◆ Task description ◆
In the records below, find the line containing "v b by linarith" and the line containing "adj_in_V ac by auto"; please repeat exactly the lines from one to the other, both included, and nothing more.

◆ Stored data ◆
-.-.-

lemma no_diverging_paths:
  assumes wP: "walk V E (a # P)" and wQ: "walk V E (a # Q)" and dP: "distinct P" and dQ: "distinct Q"
    and aP: "a \<notin> set P" and aQ: "a \<notin> set Q" and ne: "P \<noteq> []" "Q \<noteq> []"
    and hd: "hd P \<noteq> hd Q" and la: "last P = last Q"
  shows False
proof -
  have "\<exists>z\<in>set P. z \<in> set Q" using ne la by (metis last_in_set)
  then obtain P1 z P2 where P: "P = P1 @ z # P2" "z \<in> set Q" "\<forall>y\<in>set P1. y \<notin> set Q"
    by (rule split_list_first_propE)
  obtain Q1 Q2 where Q: "Q = Q1 @ z # Q2" using P(2) split_list by metis
  text \<open>The cycle runs out along \<open>P\<close> to its first common vertex \<open>z\<close> with \<open>Q\<close>
    and back along \<open>Q\<close>.\<close>
  let ?c = "(a # P1) @ (z # rev Q1)"
  have sP: "successively E ((a # P1 @ [z]) @ P2)" "set (a # P) \<subseteq> V"
    using walkD[OF wP] P by auto
  have sQ: "successively E ((a # Q1 @ [z]) @ Q2)" "set (a # Q) \<subseteq> V"
    using walkD[OF wQ] Q by auto
  have "successively E (a # P1 @ [z])"
    using sP(1) unfolding successively_append_iff by blast
  then have "successively E ((a # P1) @ [z])" by simp
  then have "successively E (a # P1)" "E (last (a # P1)) z"
    unfolding successively_append_iff by auto
  moreover have "successively E (a # Q1 @ [z])"
    using sQ(1) unfolding successively_append_iff by blast
  then have "successively E ((z # rev Q1) @ [a])" using successively_rev_adj by fastforce
  then have "successively E (z # rev Q1)" unfolding successively_append_iff by blast
  ultimately have "successively E ?c" unfolding successively_append_iff by auto
  moreover have "E (last ?c) (hd ?c)"
  proof -
    have "E a (hd Q)" using sQ(1) ne(2) Q by (cases Q1) auto
    then show ?thesis using Q by (cases Q1) (auto intro: adj_sym simp: last_rev)
  qed
  moreover have "distinct ?c" using dP dQ aP aQ P Q by auto
  moreover have "length ?c \<ge> 3"
  proof (rule ccontr)
    assume "\<not> ?thesis"
    then have "P1 = []" "Q1 = []" by (auto simp: length_0_conv[symmetric] simp del: length_0_conv)
    then show False using hd P Q by simp
  qed
  moreover have "set ?c \<subseteq> V" using sP(2) sQ(2) P Q by auto
  ultimately have "is_cycle V E ?c" unfolding is_cycle_def walk_iff_successively by auto
  then show False using no_cycle by blast
qed

lemma path_between_unique:
  assumes "path_between V E x y p" "path_between V E x y q"
  shows "p = q"
  using assms
proof (induction p arbitrary: x q)
  case Nil
  then show ?case by (simp add: path_between_def walk_def)
next
  case (Cons a p')
  have wq: "walk V E q" "distinct q" "hd q = x" "last q = y"
    using Cons.prems(2)[unfolded path_between_def] by auto
  have wp: "walk V E (a # p')" "distinct (a # p')" "a = x" "last (a # p') = y"
    using Cons.prems(1)[unfolded path_between_def] by auto
  obtain q' where q: "q = a # q'" using wq wp walkD by (cases q) auto
  consider "p' = []" | "q' = []" | "p' \<noteq> []" "q' \<noteq> []" "hd p' = hd q'"
    | "p' \<noteq> []" "q' \<noteq> []" "hd p' \<noteq> hd q'" by blast
  then show ?case
  proof cases
    case 1
    then show ?thesis using wp wq q by (cases q' rule: rev_cases) auto
  next
    case 2
    then show ?thesis using wp wq q by (cases p' rule: rev_cases) auto
  next
    case 3
    have "path_between V E (hd p') y p'" "path_between V E (hd p') y q'"
      using wp wq q 3 unfolding path_between_def walk_iff_successively
      by (auto simp: successively_Cons)
    then show ?thesis using Cons.IH q by auto
  next
    case 4
    then show ?thesis using no_diverging_paths[of a p' q'] wp wq q by auto
  qed
qed

lemma geodesic_path_exists:
  assumes "u \<in> V" "v \<in> V"
  shows "\<exists>p. path_between V E u v p \<and> length p = Suc (d u v)"
  using dist_walk_exists[OF assms] geodesic_distinct unfolding path_between_def by blast

lemma path_between_length:
  assumes "path_between V E u v p"
  shows "length p = Suc (d u v)"
proof -
  have "u \<in> V" "v \<in> V" using assms unfolding path_between_def
    by (auto dest!: walkD intro: hd_in_set last_in_set)
  then obtain q where "path_between V E u v q" "length q = Suc (d u v)"
    using geodesic_path_exists by blast
  then show ?thesis using path_between_unique assms by blast
qed

lemma adj_not_farther_unique:
  assumes ab: "E a b" and ac: "E a c" and v: "v \<in> V"
    and db: "d b v \<le> d a v" and dc: "d c v \<le> d a v"
  shows "b = c"
proof (rule ccontr)
  assume bc: "b \<noteq> c"
  have aV: "a \<in> V" "b \<in> V" "c \<in> V" using adj_in_V ab ac by auto
  have notin: "a \<notin> set P"
    if "walk V E P" "hd P = b" "last P = v" "length P = Suc (d b v)" "E a b" "d b v \<le> d a v" for P b
  proof
    assume "a \<in> set P"
    then obtain i where i: "i < length P" "P ! i = a" by (auto simp: in_set_conv_nth)
    have "d (P!i) v + i = d b v" using geodesic_nth[OF that(1-4) i(1)] by simp
    moreover have "i \<noteq> 0" using i that(2,5) adj_neq
      by (metis hd_conv_nth length_greater_0_conv list.size(3) not_less0)
    ultimately show False using i(2) that(6) by simp
  qed
  obtain P where P: "walk V E P" "hd P = b" "last P = v" "length P = Suc (d b v)"
    using dist_walk_exists aV v by blast
  obtain Q where Q: "walk V E Q" "hd Q = c" "last Q = v" "length Q = Suc (d c v)"
    using dist_walk_exists aV v by blast
  have neP: "P \<noteq> []" "Q \<noteq> []" using walkD P(1) Q(1) by auto
  have "walk V E (a # P)" using P(1,2) ab aV neP unfolding walk_iff_successively
    by (cases P) (auto simp: successively_Cons)
  moreover have "walk V E (a # Q)" using Q(1,2) ac aV neP unfolding walk_iff_successively
    by (cases Q) (auto simp: successively_Cons)
  moreover have "distinct P" "distinct Q" using geodesic_distinct P Q by blast+
  ultimately show False
    using no_diverging_paths[of a P Q] notin[OF P ab db] notin[OF Q ac dc] neP P Q bc by auto
qed

lemma dist_adj_cases:
  assumes "E a w" "v \<in> V"
  shows "d w v = d a v + 1 \<or> d a v = d w v + 1"
proof -
  have V: "a \<in> V" "w \<in> V" using adj_in_V assms by auto
  show ?thesis
  proof (cases "a = v")
    case True
    then show ?thesis using dist_adj assms dist_self V adj_sym by auto
  next
    case False
    then obtain n where n: "E a n" "d n v + 1 = d a v" using exists_adj_closer V assms by blast
    show ?thesis
    proof (cases "d w v \<le> d a v")
      case True
      then have "w = n" using adj_not_farther_unique[OF assms(1) n(1) assms(2)] n by linarith
      then show ?thesis using n by simp
    next
      case False
      have "d w v \<le> d w a + d a v" using dist_triangle V assms by auto
      moreover have "d w a = 1" using dist_adj assms adj_sym by auto
      ultimately show ?thesis using False by linarith
    qed
  qed
qed

lemma dist_to_adj_cases:
  assumes "E a b" "v \<in> V"
  shows "d v b = d v a + 1 \<or> d v a = d v b + 1"
  using dist_adj_cases[OF assms] dist_sym adj_in_V assms by metis

lemma adj_closer_unique:
  assumes "E a b" "E a c" "v \<in> V" "d b v < d a v" "d c v < d a v"
  shows "b = c"
  using adj_not_farther_unique assms by simp

text \<open>The edge \<open>a b\<close> separates the vertices closer to \<open>a\<close> from those closer to \<open>b\<close>.\<close>
lemma dist_across_edge:
  assumes ab: "E a b" and V: "v \<in> V" "z \<in> V"
    and hv: "d v b = d v a + 1" and hz: "d z a = d z b + 1"
  shows "d v z = d v a + 1 + d b z"
proof -
  have aV: "a \<in> V" "b \<in> V" using adj_in_V ab by auto
  obtain P where P: "walk V E P" "hd P = v" "last P = a" "length P = Suc (d v a)"
    using dist_walk_exists aV V by blast
  obtain Q where Q: "walk V E Q" "hd Q = b" "last Q = z" "length Q = Suc (d b z)"
    using dist_walk_exists aV V by blast
  have neP: "P \<noteq> []" "Q \<noteq> []" using walkD P(1) Q(1) by auto
  have dP: "distinct P" "distinct Q" using geodesic_distinct P Q by blast+
  have disj: "set P \<inter> set Q = {}"
  proof (rule ccontr)
    assume "set P \<inter> set Q \<noteq> {}"
    then obtain w where w: "w \<in> set P" "w \<in> set Q" by blast
    obtain i where i: "i < length P" "P ! i = w" using w by (auto simp: in_set_conv_nth)
    obtain j where j: "j < length Q" "Q ! j = w" using w by (auto simp: in_set_conv_nth)
    have pi: "d v w = i" "d w a + i = d v a" using geodesic_nth[OF P i(1)] i by auto
    have pj: "d b w = j" "d w z + j = d b z" using geodesic_nth[OF Q j(1)] j by auto
    have wV: "w \<in> V" using walkD P(1) w by auto
    have "d v b \<le> d v w + d w b" "d w b \<le> d w a + d a b" "d z a \<le> d z w + d w a"
      using dist_triangle V aV wV by auto
    moreover have "d a b = 1" using dist_adj ab by simp
    moreover have "d w b = d b w" "d z w = d w z" "d z b = d b z" using dist_sym aV wV V by auto
    ultimately show False using pi pj hv hz by linarith
  qed
  have "successively E (P @ Q)" using walkD[OF P(1)] walkD[OF Q(1)] P(3) Q(2) ab neP
    by (auto simp: successively_append_iff)
  moreover have "set (P @ Q) \<subseteq> V" using walkD[OF P(1)] walkD[OF Q(1)] by auto
  ultimately have "path_between V E v z (P @ Q)"
    unfolding path_between_def walk_iff_successively using neP P Q dP disj by auto
  then have "length (P @ Q) = Suc (d v z)" using path_between_length by blast
  then show ?thesis using P Q by simp
qed

lemma between_in_walk:
  assumes p: "walk V E p" "hd p = x" "last p = y" and v: "v \<in> V" "between x v y"
  shows "v \<in> set p"
proof -
  have ne: "p \<noteq> []" using walkD p by auto
  have V: "x \<in> V" "y \<in> V" using walkD[OF p(1)] p ne by auto
  show ?thesis
  proof (cases "v = y")
    case True then show ?thesis using p ne by auto
  next
    case False
    obtain b where b: "E v b" "d b y + 1 = d v y" using exists_adj_closer v V False by blast
    have bV: "b \<in> V" using adj_in_V b by auto
    let ?P = "\<lambda>w. d w b = d w v + 1"
    have "d x b \<le> d x v + d v b" "d x y \<le> d x b + d b y" using dist_triangle V v bV by auto
    moreover have "d v b = 1" using dist_adj b by simp
    ultimately have Px: "?P x" using v b by linarith
    have "d y b = d b y" "d y v = d v y" using dist_sym V v bV by auto
    then have nPy: "\<not> ?P y" using b by linarith
    obtain i where i: "Suc i < length p" "?P (p ! i)" "\<not> ?P (p ! Suc i)"
      using list_ex_crossing[of ?P p] Px nPy p ne by auto
    have ac: "E (p ! i) (p ! Suc i)" using p(1) i(1) unfolding walk_def by blast
    have acV: "p ! i \<in> V" "p ! Suc i \<in> V" using adj_in_V ac by auto
    have "d (p ! Suc i) v = d (p ! Suc i) b + 1"
      using dist_adj_cases[OF b(1) acV(2)] i(3) dist_sym acV v bV by auto
    then have "d (p!i) (p ! Suc i) = d (p!i) v + 1 + d b (p ! Suc i)"
      using dist_across_edge[OF b(1) acV(1) acV(2)] i(2) by blast
    moreover have "d (p!i) (p ! Suc i) = 1" using dist_adj ac by simp
    ultimately have "d (p!i) v = 0" by simp
    then have "p ! i = v" using dist_eq_0D acV v by blast
    then show ?thesis using i(1) by (metis Suc_lessD nth_mem)
  qed
qed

-.-.-

◆ Written response ◆
    ultimately have Px: "?P x" using v b by linarith
    have "d y b = d b y" "d y v = d v y" using dist_sym V v bV by auto
    then have nPy: "\<not> ?P y" using b by linarith
    obtain i where i: "Suc i < length p" "?P (p ! i)" "\<not> ?P (p ! Suc i)"
      using list_ex_crossing[of ?P p] Px nPy p ne by auto
    have ac: "E (p ! i) (p ! Suc i)" using p(1) i(1) unfolding walk_def by blast
    have acV: "p ! i \<in> V" "p ! Suc i \<in> V" using adj_in_V ac by auto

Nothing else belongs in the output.